> **EXERCISE INSTRUCTIONS**
Your answer is the lines below, exactly, from the one that contains "using \<open>coprime (p\<^sup>2)" through the one that contains "mod q = proj_p", both included.

:: RECORD EXCERPTS ::

lemma sum_Zn2_unity_root_dotp:
  assumes "p > 0" and "a0 \<in> Zn2 p" and "a \<in> Zn2 p"
  shows "(\<Sum>u\<in>Zn2 p. unity_root p ^ ((p - 1) * dotp u a0 + dotp u a))
    = (if a = a0 then of_nat (p\<^sup>2) else 0)"
proof -
  define c1 where "c1 = fst a + (p - 1) * fst a0"
  define c2 where "c2 = snd a + (p - 1) * snd a0"
  have "(p - 1) * dotp u a0 + dotp u a = fst u * c1 + snd u * c2" for u
    unfolding dotp_def c1_def c2_def by (simp add: algebra_simps)
  then have "(\<Sum>u\<in>Zn2 p. unity_root p ^ ((p - 1) * dotp u a0 + dotp u a))
      = (\<Sum>i<p. \<Sum>j<p. unity_root p ^ (i * c1) * unity_root p ^ (j * c2))"
    unfolding Zn2_def lessThan_atLeast0 by (simp add: sum.cartesian_product split_def power_add)
  also have "\<dots> = (\<Sum>i<p. unity_root p ^ (i * c1)) * (\<Sum>j<p. unity_root p ^ (j * c2))"
    by (simp add: sum_product)
  also have "\<dots> = (if p dvd c1 then of_nat p else 0) * (if p dvd c2 then of_nat p else 0)"
    unfolding sum_unity_root_powers[OF assms(1)] ..
  also have "p dvd c1 \<longleftrightarrow> fst a = fst a0"
    unfolding c1_def using assms by (intro dvd_add_pred_mult_iff) (auto simp: Zn2_def)
  also have "p dvd c2 \<longleftrightarrow> snd a = snd a0"
    unfolding c2_def using assms by (intro dvd_add_pred_mult_iff) (auto simp: Zn2_def)
  finally show ?thesis
    by (auto simp: prod_eq_iff power2_eq_square)
qed

lemma card_fiber_eq_proj_p:
  assumes "S \<subseteq> A \<times> Zn2 q"
  shows "card {s \<in> S. fst s = a} = proj_p q S a"
proof -
  have "{s \<in> S. fst s = a} = Pair a ` {b \<in> Zn2 q. (a, b) \<in> S}"
    using assms by force
  then show ?thesis
    unfolding proj_p_def by (simp add: card_image inj_on_def)
qed

text \<open>\<open>\<chi>\<^bsub>u+0\<^esub>(S)\<close> is the Fourier coefficient of \<open>S\<^sub>p\<close> at \<open>u\<close>; the exponent \<open>(p - 1) * dotp u a0\<close>
  encodes \<open>-u\<cdot>a0\<close> without natural-number subtraction.\<close>
lemma proj_p_fourier_inversion:
  assumes "p > 0" and S: "S \<subseteq> Zn2 p \<times> Zn2 q" and a0: "a0 \<in> Zn2 p"
  shows "(\<Sum>u\<in>Zn2 p. unity_root p ^ ((p - 1) * dotp u a0) * chiS p q (u, (0, 0)) S)
    = of_nat (p\<^sup>2 * proj_p q S a0)"
proof -
  have "(\<Sum>u\<in>Zn2 p. unity_root p ^ ((p - 1) * dotp u a0) * chiS p q (u, (0, 0)) S)
      = (\<Sum>s\<in>S. \<Sum>u\<in>Zn2 p. unity_root p ^ ((p - 1) * dotp u a0 + dotp u (fst s)))"
    unfolding chiS_def chi_eq_unity_root_powers sum_distrib_left
    by (subst sum.swap) (simp add: dotp_def power_add)
  also have "\<dots> = (\<Sum>s\<in>S. if fst s = a0 then of_nat (p\<^sup>2) else 0)"
    using S by (intro sum.cong refl sum_Zn2_unity_root_dotp assms(1) a0) auto
  also have "\<dots> = (\<Sum>s\<in>{s \<in> S. fst s = a0}. of_nat (p\<^sup>2))"
    using finite_subset[OF S] by (intro sum.inter_filter[symmetric]) (simp add: Zn2_def)
  also have "\<dots> = of_nat (p\<^sup>2 * card {s \<in> S. fst s = a0})"
    by simp
  finally show ?thesis
    using card_fiber_eq_proj_p[OF S] by simp
qed

text \<open>\<open>\<chi>\<^bsub>u+0\<^esub>(S) - \<chi>\<^bsub>u+x\<^esub>(S) = \<Sum>\<omega>\<^bsup>u\<cdot>a\<^esup>(1 - \<eta>\<^bsup>x\<cdot>b\<^esup>)\<close>, and \<open>1 - \<eta>\<close> divides every \<open>1 - \<eta>\<^sup>k\<close>.\<close>
lemma chiS_multiple_of_one_minus_unity_root:
  assumes "p > 0" and "q > 0" and "chiS p q (u, x) S = 0"
  obtains r where "r \<in> cyclotomic_integers (p * q)"
    and "chiS p q (u, (0, 0)) S = (1 - unity_root q) * r"
proof
  let ?\<omega> = "unity_root p" and ?\<eta> = "unity_root q"
  have pq: "p * q > 0"
    using assms by simp
  have \<omega>: "?\<omega> ^ m \<in> cyclotomic_integers (p * q)" for m
    using pq by (simp add: unity_root_power_in_cyclotomic_integers_dvd)
  have \<eta>: "?\<eta> ^ m \<in> cyclotomic_integers (p * q)" for m
    using pq by (simp add: unity_root_power_in_cyclotomic_integers_dvd)
  show "(\<Sum>s\<in>S. ?\<omega> ^ dotp u (fst s) * (\<Sum>i<dotp x (snd s). ?\<eta> ^ i)) \<in> cyclotomic_integers (p * q)"
    by (intro cyclotomic_integers_sum cyclotomic_integers_mult pq \<omega> \<eta>)
  have "chiS p q (u, (0, 0)) S = chiS p q (u, (0, 0)) S - chiS p q (u, x) S"
    using assms(3) by simp
  also have "\<dots> = (\<Sum>s\<in>S. ?\<omega> ^ dotp u (fst s) * (1 - ?\<eta> ^ dotp x (snd s)))"
    unfolding chiS_def chi_eq_unity_root_powers
    by (simp add: dotp_def sum_subtractf algebra_simps)
  also have "\<dots> = (1 - ?\<eta>) * (\<Sum>s\<in>S. ?\<omega> ^ dotp u (fst s) * (\<Sum>i<dotp x (snd s). ?\<eta> ^ i))"
    by (simp add: one_diff_power_eq sum_distrib_left algebra_simps)
  finally show "chiS p q (u, (0, 0)) S
      = (1 - ?\<eta>) * (\<Sum>s\<in>S. ?\<omega> ^ dotp u (fst s) * (\<Sum>i<dotp x (snd s). ?\<eta> ^ i))" .
qed

lemma proj_p_scaled_cong_card:
  assumes p: "p > 0" and q: "prime q" and S: "S \<subseteq> Zn2 p \<times> Zn2 q"
    and vanishing: "\<forall>u\<in>Zn2 p. u \<noteq> (0, 0) \<longrightarrow> (\<exists>x\<in>Zn2 q. chiS p q (u, x) S = 0)"
    and a0: "a0 \<in> Zn2 p"
  shows "[p\<^sup>2 * proj_p q S a0 = card S] (mod q)"
proof -
  let ?\<eta> = "unity_root q" and ?W = "\<lambda>u. unity_root p ^ ((p - 1) * dotp u a0)"
  have q1: "q > 1"
    using prime_gt_1_nat[OF q] .
  then have pq: "p * q > 0"
    using p by simp
  have "\<forall>u\<in>Zn2 p - {(0, 0)}. \<exists>r. r \<in> cyclotomic_integers (p * q)
      \<and> chiS p q (u, (0, 0)) S = (1 - ?\<eta>) * r"
  proof
    fix u assume u: "u \<in> Zn2 p - {(0, 0)}"
    obtain x where "chiS p q (u, x) S = 0"
      using vanishing u by auto
    then obtain r where "r \<in> cyclotomic_integers (p * q)" "chiS p q (u, (0, 0)) S = (1 - ?\<eta>) * r"
      by (rule chiS_multiple_of_one_minus_unity_root[OF p prime_gt_0_nat[OF q]])
    then show "\<exists>r. r \<in> cyclotomic_integers (p * q) \<and> chiS p q (u, (0, 0)) S = (1 - ?\<eta>) * r"
      by blast
  qed
  then obtain r where r: "\<forall>u\<in>Zn2 p - {(0, 0)}.
      r u \<in> cyclotomic_integers (p * q) \<and> chiS p q (u, (0, 0)) S = (1 - ?\<eta>) * r u"
    by (rule bchoice[THEN exE])
  have "(0, 0) \<in> Zn2 p" and "finite (Zn2 p)"
    using p by (simp_all add: Zn2_def)
  have "of_nat (p\<^sup>2 * proj_p q S a0) = (\<Sum>u\<in>Zn2 p. ?W u * chiS p q (u, (0, 0)) S)"
    by (rule proj_p_fourier_inversion[OF p S a0, symmetric])
  also have "\<dots> = ?W (0, 0) * chiS p q ((0, 0), (0, 0)) S
      + (\<Sum>u\<in>Zn2 p - {(0, 0)}. ?W u * chiS p q (u, (0, 0)) S)"
    by (rule sum.remove) fact+
  also have "?W (0, 0) * chiS p q ((0, 0), (0, 0)) S = of_nat (card S)"
    by (simp add: chiS_def chi_eq_unity_root_powers dotp_def)
  also have "(\<Sum>u\<in>Zn2 p - {(0, 0)}. ?W u * chiS p q (u, (0, 0)) S)
      = (1 - ?\<eta>) * (\<Sum>u\<in>Zn2 p - {(0, 0)}. ?W u * r u)"
    unfolding sum_distrib_left using r by (intro sum.cong) auto
  finally have "of_int (int (p\<^sup>2 * proj_p q S a0) - int (card S))
      = (1 - ?\<eta>) * (\<Sum>u\<in>Zn2 p - {(0, 0)}. ?W u * r u)"
    by simp
  moreover have "?\<eta> ^ q = 1" and "?\<eta> \<noteq> 1"
    using q1 unity_root_power_eq_1_iff[of q 1] by (simp_all add: unity_root_power_eq_1_iff)
  moreover have "?\<eta> \<in> cyclotomic_integers (p * q)"
    using unity_root_power_in_cyclotomic_integers_dvd[OF pq, of q 1] by simp
  moreover have "(\<Sum>u\<in>Zn2 p - {(0, 0)}. ?W u * r u) \<in> cyclotomic_integers (p * q)"
    using r pq by (intro cyclotomic_integers_sum cyclotomic_integers_mult
        unity_root_power_in_cyclotomic_integers_dvd) auto
  ultimately have "int q dvd int (p\<^sup>2 * proj_p q S a0) - int (card S)"
    using prime_dvd_if_multiple_of_one_minus_root_of_unity[OF q pq] by blast
  then show ?thesis
    by (simp add: cong_iff_dvd_diff flip: cong_int_iff)
qed

theorem proposition4p7:
  fixes p q :: nat and S :: "((nat \<times> nat) \<times> (nat \<times> nat)) set"
  assumes "prime p" and "prime q" and "p \<noteq> q"
    and "S \<subseteq> Zn2 p \<times> Zn2 q"
    and "\<forall>u\<in>Zn2 p. u \<noteq> (0, 0) \<longrightarrow> (\<exists>x\<in>Zn2 q. chiS p q (u, x) S = 0)"
  shows "\<exists>(c::nat) (D :: nat \<times> nat \<Rightarrow> nat).
           \<forall>a\<in>Zn2 p. proj_p q S a = c + q * D a"
proof -
  have p: "p > 0"
    using assms(1) prime_gt_0_nat by blast
  have "coprime (p\<^sup>2) q"
    using assms(1-3) by (simp add: primes_coprime)
  have cong: "[proj_p q S a = proj_p q S (0, 0)] (mod q)" if "a \<in> Zn2 p" for a
  proof -
    have "(0, 0) \<in> Zn2 p"
      using p by (simp add: Zn2_def)
    then have "[p\<^sup>2 * proj_p q S a = p\<^sup>2 * proj_p q S (0, 0)] (mod q)"
      using proj_p_scaled_cong_card[OF p assms(2,4,5)] that
      by (blast intro: cong_trans cong_sym)
    then show ?thesis
      using \<open>coprime (p\<^sup>2) q\<close> by (simp add: cong_mult_lcancel_nat)
  qed
  show ?thesis
  proof (intro exI ballI)
    fix a assume "a \<in> Zn2 p"
    then have "proj_p q S a mod q = proj_p q S (0, 0) mod q"
      using cong unfolding cong_def by blast
    then show "proj_p q S a = proj_p q S (0, 0) mod q + q * (proj_p q S a div q)"
      using mod_mult_div_eq[of "proj_p q S a" q] by simp
  qed
qed

end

:::

> **REPLY**
      using \<open>coprime (p\<^sup>2) q\<close> by (simp add: cong_mult_lcancel_nat)
  qed
  show ?thesis
  proof (intro exI ballI)
    fix a assume "a \<in> Zn2 p"
    then have "proj_p q S a mod q = proj_p q S (0, 0) mod q"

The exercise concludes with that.